Saved data entries:
BEGIN

lemma two_connected_unique_path_spans:
  assumes graph: "simple_graph V E" and conn2: "two_connected V E"
    and "H \<subseteq> V" "x \<in> V - H" "connected_on E H" and P: "is_path H E P"
    and unique: "\<And>Q. is_path H E Q \<Longrightarrow> hd Q = hd P \<Longrightarrow> last Q = last P \<Longrightarrow> set Q = set P"
    and closed: "\<forall>u \<in> H - set P. \<forall>y. E u y \<longrightarrow> y \<in> H"
  shows "set P = H"
proof (rule ccontr)
  assume "set P \<noteq> H"
  then obtain w0 where "w0 \<in> H - set P"
    using P by (auto simp: is_path_def)
  moreover have "hd P \<in> set P" "hd P \<in> H"
    using P by (auto simp: is_path_def)
  ultimately obtain R where R: "is_path H E R" "hd R = w0" "last R = hd P"
    using \<open>connected_on E H\<close> unfolding connected_on_def by blast
  then have "\<exists>z \<in> set R. z \<in> set P"
    using \<open>hd P \<in> set P\<close> last_in_set[of R] by (auto simp: is_path_def)
  then obtain R1 p R2 where RS: "R = R1 @ p # R2" "p \<in> set P" "\<forall>z \<in> set R1. z \<notin> set P"
    by (rule split_list_first_propE)
  have "R1 \<noteq> []"
    using RS R(2) \<open>w0 \<in> H - set P\<close> by auto
  then have "is_path H E R1" "E (last R1) p"
    using R(1) RS(1) is_path_append[of R1 "p # R2"] by auto
  then have w: "last R1 \<in> H - set P" "E p (last R1)"
    using RS(3) \<open>R1 \<noteq> []\<close> simple_graph_sym[OF graph] by (auto simp: is_path_def)
  have "set P \<subseteq> H"
    using P by (simp add: is_path_def)
  then obtain S q where S: "is_path (H - set P) E S" "hd S = last R1" "q \<in> set P" "q \<noteq> p"
    "E (last S) q"
    using two_connected_ear[OF conn2 \<open>H \<subseteq> V\<close> \<open>x \<in> V - H\<close> _ RS(2) w(1) closed] by blast
  have S': "is_path H E S" "set S \<inter> set P = {}" "E p (hd S)"
    using S(1,2) w(2) is_path_subset[of "H - set P" E S H] by (auto simp: is_path_def)
  obtain N where N: "is_path H E N" "hd N = hd P" "last N = last P" "set S \<subseteq> set N"
    by (rule is_path_splice_ear[OF simple_graph_symp[OF graph] P S'(1,2) RS(2) S(3) S(4)[symmetric]
          S'(3) S(5)])
  have "last R1 \<in> set N"
    using N(4) S(1,2) hd_in_set[of S] by (auto simp: is_path_def)
  then show False
    using unique[OF N(1-3)] w(1) by simp
qed
(* Let $g \ge h \ge 2$ be integers. There is a constant $C>0$ depending only on $g$ and $h$ such that for every positive integer $n$ and every $C_h[g]$ set $A \subset \{1,2,\dots,n\}$, $$|A| \le (g-1)^{1/h}\, n^{1-\frac{1}{h}} + C\, n^{\frac{1}{2}-\frac{1}{2h}}.$$
   Context: A set of integers $A$ is called a $C_h[g]$ set if for every set $X$ of $h$ integers there do not exist $g$ distinct integers $k_1,\dots,k_g$ such that $X+k_i \subset A$ for all $i=1,\dots,g$ (here $X+k=\{x+k : x\in X\}$). In words, $A$ contains no $g$ distinct translates of a common $h$-element set. *)

theory Defs
  imports Complex_Main
begin

definition Ch_g_set :: "nat \<Rightarrow> nat \<Rightarrow> int set \<Rightarrow> bool" where
  "Ch_g_set h g A \<longleftrightarrow>
     (\<forall>X :: int set. finite X \<and> card X = h \<longrightarrow>
        \<not> (\<exists>K :: int set. finite K \<and> card K = g \<and> (\<forall>k\<in>K. (\<lambda>x. x + k) ` X \<subseteq> A)))"

end

theory Submission
  imports Defs
begin

text \<open>Slide a window of length m over the shifts t of A and let b_t = |(A - t) \<inter> [1, m]| be the
number of elements of A in t + [1, m]. An h-subset X of [1, m] is contained in the window at shift t
iff X + t \<subseteq> A, so by the C_h[g] property X lies in at most g - 1 windows, whence
\<Sum>_t C(b_t, h) \<le> (g - 1) C(m, h); on the other hand \<Sum>_t b_t = m |A|. Since
C(b, h) \<ge> (b - h + 1)^h / h!, the power mean inequality over the n + m - 1 shifts gives
m |A| - (n + m - 1)(h - 1) \<le> (g - 1)^(1/h) m (n + m - 1)^(1 - 1/h).
Taking m \<approx> n^(1/2 + 1/(2h)) balances the two error terms.\<close>

definition window :: "int set \<Rightarrow> nat \<Rightarrow> int \<Rightarrow> int set" where
  "window A m t = {x \<in> {1..int m}. x + t \<in> A}"

lemma window_subset: "window A m t \<subseteq> {1..int m}"
  unfolding window_def by auto

lemma finite_window [simp]: "finite (window A m t)"
  by (rule finite_subset[OF window_subset]) simp

lemma Ch_g_set_sum_window_choose_le:
  assumes A: "A \<subseteq> {1..int n}" and C: "Ch_g_set h g A" and g: "g \<ge> 1"
  shows "(\<Sum>t\<in>{1 - int m..int n - 1}. card (window A m t) choose h) \<le> (g - 1) * (m choose h)"
proof -
  define T where "T = {1 - int m..int n - 1}"
  define S where "S = {X. X \<subseteq> {1..int m} \<and> card X = h}"
  have finS: "finite S" unfolding S_def by (rule finite_subset[of _ "Pow {1..int m}"]) auto
  have cardS: "card S = m choose h" unfolding S_def using n_subsets[of "{1..int m}" h] by simp
  have choose_eq: "card (window A m t) choose h = (\<Sum>X\<in>S. if X \<subseteq> window A m t then 1 else 0)" for t
  proof -
    have "card (window A m t) choose h = card {X. X \<subseteq> window A m t \<and> card X = h}"
      by (simp add: n_subsets)
    also have "{X. X \<subseteq> window A m t \<and> card X = h} = {X\<in>S. X \<subseteq> window A m t}"
      unfolding S_def using window_subset by blast
    also have "card \<dots> = (\<Sum>X\<in>S. if X \<subseteq> window A m t then 1 else 0)"
      using sum.inter_filter[OF finS, of "\<lambda>_. (1::nat)"] by simp
    finally show ?thesis .
  qed
  have few_windows: "(\<Sum>t\<in>T. if X \<subseteq> window A m t then 1 else 0) \<le> g - 1" if "X \<in> S" for X
  proof -
    have "(\<Sum>t\<in>T. if X \<subseteq> window A m t then 1 else (0::nat)) = card {t\<in>T. X \<subseteq> window A m t}"
      using sum.inter_filter[of T "\<lambda>_. (1::nat)"] by (simp add: T_def)
    also have "\<dots> \<le> g - 1"
    proof (rule ccontr)
      assume "\<not> ?thesis"
      then have "g \<le> card {t\<in>T. X \<subseteq> window A m t}" using g by simp
      then obtain K where K: "K \<subseteq> {t\<in>T. X \<subseteq> window A m t}" "card K = g" "finite K"
        by (rule obtain_subset_with_card_n)
      have X: "finite X" "card X = h" using that unfolding S_def by (auto intro: finite_subset)
      have "\<forall>k\<in>K. (\<lambda>x. x + k) ` X \<subseteq> A" using K(1) unfolding window_def by auto
      then show False using C X K unfolding Ch_g_set_def by blast
    qed
    finally show ?thesis .
  qed
  have "(\<Sum>t\<in>T. card (window A m t) choose h)
      = (\<Sum>X\<in>S. \<Sum>t\<in>T. if X \<subseteq> window A m t then 1 else 0)"
    by (simp add: choose_eq sum.swap[of _ T])
  also have "\<dots> \<le> (\<Sum>X\<in>S. g - 1)" by (rule sum_mono) (use few_windows in auto)
  also have "\<dots> = (g - 1) * (m choose h)" using cardS by simp
  finally show ?thesis unfolding T_def .
qed

lemma sum_card_window:
  assumes A: "A \<subseteq> {1..int n}"
  shows "(\<Sum>t\<in>{1 - int m..int n - 1}. card (window A m t)) = m * card A"
proof -
  define T where "T = {1 - int m..int n - 1}"
  have "(\<Sum>t\<in>T. card (window A m t)) = (\<Sum>t\<in>T. \<Sum>x\<in>{1..int m}. if x + t \<in> A then 1 else 0)"
    by (rule sum.cong) (auto simp: window_def sum.inter_filter[symmetric])
  also have "\<dots> = (\<Sum>x\<in>{1..int m}. \<Sum>t\<in>T. if x + t \<in> A then 1 else 0)" by (rule sum.swap)
  also have "\<dots> = (\<Sum>x\<in>{1..int m}. card A)"
  proof (rule sum.cong[OF refl])
    fix x assume x: "x \<in> {1..int m}"
    have "(\<Sum>t\<in>T. if x + t \<in> A then 1 else (0::nat)) = card {t\<in>T. x + t \<in> A}"
      using sum.inter_filter[of T "\<lambda>_. (1::nat)"] by (simp add: T_def)
    also have "{t\<in>T. x + t \<in> A} = (\<lambda>a. a - x) ` A"
    proof
      show "{t\<in>T. x + t \<in> A} \<subseteq> (\<lambda>a. a - x) ` A"
        by (auto simp: image_iff intro!: bexI[where x="x + _"])
      show "(\<lambda>a. a - x) ` A \<subseteq> {t\<in>T. x + t \<in> A}" using A x by (auto simp: T_def)
    qed
    also have "card \<dots> = card A" by (rule card_image) (auto simp: inj_on_def)
    finally show "(\<Sum>t\<in>T. if x + t \<in> A then 1 else 0) = card A" .
  qed
  finally show ?thesis unfolding T_def by simp
qed

lemma power_le_fact_mult_binomial:
  "(max 0 (real b - (real h - 1))) ^ h \<le> fact h * real (b choose h)"
proof (cases "h \<le> b + 1")
  case True
  have "(\<Prod>i = 0..<h. max 0 (real b - (real h - 1))) \<le> (\<Prod>i = 0..<h. real b - of_nat i)"
    by (rule prod_mono) (use True in auto)
  also have "\<dots> = fact h * real (b choose h)"
    using gbinomial_mult_fact[of h "real b"] by (simp add: binomial_gbinomial)
  finally show ?thesis by simp
next
  case False
  then show ?thesis by (simp add: zero_power)
qed
lemma min_vertex_least:
  assumes "finite S" "S \<noteq> {}" "trans r" "antisym r" "\<forall>u\<in>S. \<forall>v\<in>S. (u, v) \<in> r \<or> (v, u) \<in> r"
  shows "min_vertex r S \<in> S" "\<forall>w\<in>S. (min_vertex r S, w) \<in> r"
proof -
  obtain v where "v \<in> S" "\<forall>w\<in>S. (v, w) \<in> r"
    using finite_chain_has_least[OF assms(1,2,3,5)] by blast
  moreover from this have "min_vertex r S = v" using min_vertex_eqI[OF assms(4)] by blast
  ultimately show "min_vertex r S \<in> S" "\<forall>w\<in>S. (min_vertex r S, w) \<in> r" by auto
qed

lemma geom_simplex_support: "x \<in> geom_simplex \<sigma> \<Longrightarrow> {v. x v \<noteq> 0} \<subseteq> \<sigma>"
  by (auto simp: geom_simplex_def)

lemma geom_simplex_coordinate_le_1: "finite \<sigma> \<Longrightarrow> x \<in> geom_simplex \<sigma> \<Longrightarrow> x u \<le> 1"
  using member_le_sum[of u \<sigma> x] by (cases "u \<in> \<sigma>") (auto simp: geom_simplex_def)

lemma geom_simplex_singleton: "geom_simplex {u} = {\<lambda>w. if w = u then 1 else 0}"
  by (auto simp: geom_simplex_def fun_eq_iff)

lemma compact_geom_simplex:
  assumes "finite \<sigma>"
  shows "compact (geom_simplex \<sigma>)"
proof -
  define B where "B = (\<lambda>v. if v \<in> \<sigma> then {0..1::real} else {0})"
  have "compactin (product_topology (\<lambda>_. euclidean) UNIV) (PiE UNIV B)"
    by (subst compactin_PiE) (auto simp: B_def)
  then have box: "compactin euclidean (PiE UNIV B)"
    by (simp add: euclidean_product_topology)
  have "geom_simplex \<sigma> \<subseteq> PiE UNIV B"
    using geom_simplex_coordinate_le_1[OF assms]
    by (auto simp: B_def geom_simplex_def PiE_def extensional_def)
  moreover have "closed (geom_simplex \<sigma>)"
  proof -
    have "geom_simplex \<sigma> = (\<Inter>v. {x. 0 \<le> x v}) \<inter> (\<Inter>v\<in>-\<sigma>. {x. x v = 0}) \<inter> {x. sum x \<sigma> = 1}"
      by (auto simp: geom_simplex_def)
    then show ?thesis
      by (simp only:) (intro closed_Int closed_INT ballI closed_Collect_le closed_Collect_eq
          continuous_on_sum continuous_on_const continuous_on_product_coordinates)
  qed
  ultimately have "compactin euclidean (geom_simplex \<sigma>)"
    using closed_compactin[OF box] by auto
  then show ?thesis by simp
qed

lemma Hausdorff_space_fun: "Hausdorff_space (euclidean :: ('a \<Rightarrow> real) topology)"
  by (metis euclidean_product_topology Hausdorff_space_product_topology Hausdorff_space_euclidean)

definition cone_point :: "'v \<Rightarrow> ('v \<Rightarrow> real) \<Rightarrow> real \<Rightarrow> 'v \<Rightarrow> real" where
  "cone_point u z s = (\<lambda>w. if w = u then s else (1 - s) * z w)"

lemma cone_point_in_geom_simplex:
  assumes "finite \<tau>" "u \<notin> \<tau>" "z \<in> geom_simplex \<tau>" "0 \<le> s" "s \<le> 1"
  shows "cone_point u z s \<in> geom_simplex (insert u \<tau>)"
proof -
  have "sum (cone_point u z s) \<tau> = (1 - s) * sum z \<tau>"
    unfolding sum_distrib_left using assms(2) by (intro sum.cong) (auto simp: cone_point_def)
  then show ?thesis using assms by (auto simp: geom_simplex_def cone_point_def)
qed

lemma geom_simplex_insert_eq_cone:
  assumes "finite \<tau>" "\<tau> \<noteq> {}" "u \<notin> \<tau>"
  shows "geom_simplex (insert u \<tau>) = (\<lambda>p. cone_point u (fst p) (snd p)) ` (geom_simplex \<tau> \<times> {0..1})"
proof
  show "(\<lambda>p. cone_point u (fst p) (snd p)) ` (geom_simplex \<tau> \<times> {0..1}) \<subseteq> geom_simplex (insert u \<tau>)"
    using cone_point_in_geom_simplex[OF assms(1,3)] by auto
next
  show "geom_simplex (insert u \<tau>) \<subseteq> (\<lambda>p. cone_point u (fst p) (snd p)) ` (geom_simplex \<tau> \<times> {0..1})"
  proof
    fix x assume x: "x \<in> geom_simplex (insert u \<tau>)"
    have xu: "0 \<le> x u" "x u \<le> 1"
      using x geom_simplex_coordinate_le_1[OF _ x] assms(1) by (auto simp: geom_simplex_def)
    have sum_\<tau>: "sum x \<tau> = 1 - x u"
      using x assms by (simp add: geom_simplex_def)
    obtain z where z: "z \<in> geom_simplex \<tau>" and "x = cone_point u z (x u)"
    proof (cases "x u = 1")
      case True
      obtain v where "v \<in> \<tau>" using assms(2) by blast
      then have "(\<lambda>w. if w = v then 1 else 0) \<in> geom_simplex \<tau>"
        using assms(1) by (auto simp: geom_simplex_def)
      moreover have "x = cone_point u (\<lambda>w. if w = v then 1 else 0) (x u)"
        using True x sum_\<tau> sum_nonneg_eq_0_iff[OF assms(1), of x] assms(3)
        by (auto simp: cone_point_def geom_simplex_def fun_eq_iff)
      ultimately show ?thesis using that by blast
    next
      case False
      define z where "z = (\<lambda>w. if w = u then 0 else x w / (1 - x u))"
      have "sum z \<tau> = sum x \<tau> / (1 - x u)"
        unfolding sum_divide_distrib using assms(3) by (intro sum.cong) (auto simp: z_def)
      then have "z \<in> geom_simplex \<tau>"
        using x xu False sum_\<tau> by (auto simp: geom_simplex_def z_def)
      moreover have "x = cone_point u z (x u)"
        using False by (auto simp: cone_point_def z_def)
      ultimately show ?thesis using that by blast
    qed
    then show "x \<in> (\<lambda>p. cone_point u (fst p) (snd p)) ` (geom_simplex \<tau> \<times> {0..1})"
      using xu by (auto intro!: image_eqI[of _ _ "(z, x u)"])
  qed
qed
(* Let $\Bbbk$ be an algebraically closed field of characteristic $0$, let $P=\Bbbk[x_1,x_2,x_3]$ be a quadratic Poisson algebra, and let $Q=\Bbbk[y_1,y_2,y_3]$ be a Poisson algebra such that: (1) there are distinct $i,j\in\{1,2,3\}$ with $\{y_i,y_j\}=f(y_1,y_2)-r y_3$, where $f\in\Bbbk[y_1,y_2]$ is homogeneous with respect to the grading $\deg y_1=\deg y_2=1$ and $r\in\Bbbk^\times$; (2) for the remaining unordered pairs $\{k,l\}\neq\{i,j\}$ of distinct indices in $\{1,2,3\}$, the bracket $\{y_k,y_l\}$ is a scalar multiple (possibly zero) of a single monomial in $y_1,y_2,y_3$. Then $P$ is not isomorphic to $Q$ as Poisson algebras.
   Context: $P$ has the standard grading and is quadratic: $\{P_1,P_1\}\subseteq P_2$. A Poisson isomorphism is an algebra isomorphism that is also a Lie algebra isomorphism. *)

theory Defs
  imports "HOL-Library.Poly_Mapping" "HOL-Computational_Algebra.Polynomial"
begin

datatype var3 = V1 | V2 | V3

text \<open>The polynomial ring k[x1,x2,x3]: finitely supported maps from monomials
  (exponent vectors) to coefficients; multiplication is convolution.\<close>
type_synonym 'k mpoly3 = "(var3 \<Rightarrow>\<^sub>0 nat) \<Rightarrow>\<^sub>0 'k"

definition algebraically_closed :: "'k::field itself \<Rightarrow> bool" where
  "algebraically_closed _ \<longleftrightarrow>
     (\<forall>p :: 'k poly. Polynomial.degree p > 0 \<longrightarrow> (\<exists>x. poly p x = 0))"

definition mvar :: "var3 \<Rightarrow> 'k::comm_ring_1 mpoly3" where
  "mvar i = Poly_Mapping.single (Poly_Mapping.single i 1) 1"

definition mconst :: "'k::comm_ring_1 \<Rightarrow> 'k mpoly3" where
  "mconst c = Poly_Mapping.single 0 c"

definition mmonomial :: "(var3 \<Rightarrow>\<^sub>0 nat) \<Rightarrow> 'k::comm_ring_1 mpoly3" where
  "mmonomial m = Poly_Mapping.single m 1"

definition mdeg :: "(var3 \<Rightarrow>\<^sub>0 nat) \<Rightarrow> nat" where
  "mdeg m = Poly_Mapping.lookup m V1 + Poly_Mapping.lookup m V2 + Poly_Mapping.lookup m V3"

definition homogeneous :: "nat \<Rightarrow> 'k::comm_ring_1 mpoly3 \<Rightarrow> bool" where
  "homogeneous d p \<longleftrightarrow> (\<forall>m \<in> Poly_Mapping.keys p. mdeg m = d)"

definition in_k_y1y2 :: "'k::comm_ring_1 mpoly3 \<Rightarrow> bool" where
  "in_k_y1y2 p \<longleftrightarrow> (\<forall>m \<in> Poly_Mapping.keys p. Poly_Mapping.lookup m V3 = 0)"

definition poisson_bracket :: "('k::comm_ring_1 mpoly3 \<Rightarrow> 'k mpoly3 \<Rightarrow> 'k mpoly3) \<Rightarrow> bool" where
  "poisson_bracket B \<longleftrightarrow>
     (\<forall>a b c. B (a + b) c = B a c + B b c) \<and>
     (\<forall>a b c. B a (b + c) = B a b + B a c) \<and>
     (\<forall>s a b. B (mconst s * a) b = mconst s * B a b) \<and>
     (\<forall>s a b. B a (mconst s * b) = mconst s * B a b) \<and>
     (\<forall>a b. B a b = - B b a) \<and>
     (\<forall>a b c. B a (B b c) + B b (B c a) + B c (B a b) = 0) \<and>
     (\<forall>a b c. B a (b * c) = B a b * c + b * B a c)"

END

# Work instruction:
Going through the data above, return each line with the word "symmetric".

# Solution for this exercise:
    by (rule is_path_splice_ear[OF simple_graph_symp[OF graph] P S'(1,2) RS(2) S(3) S(4)[symmetric]
    by (rule sum.cong) (auto simp: window_def sum.inter_filter[symmetric])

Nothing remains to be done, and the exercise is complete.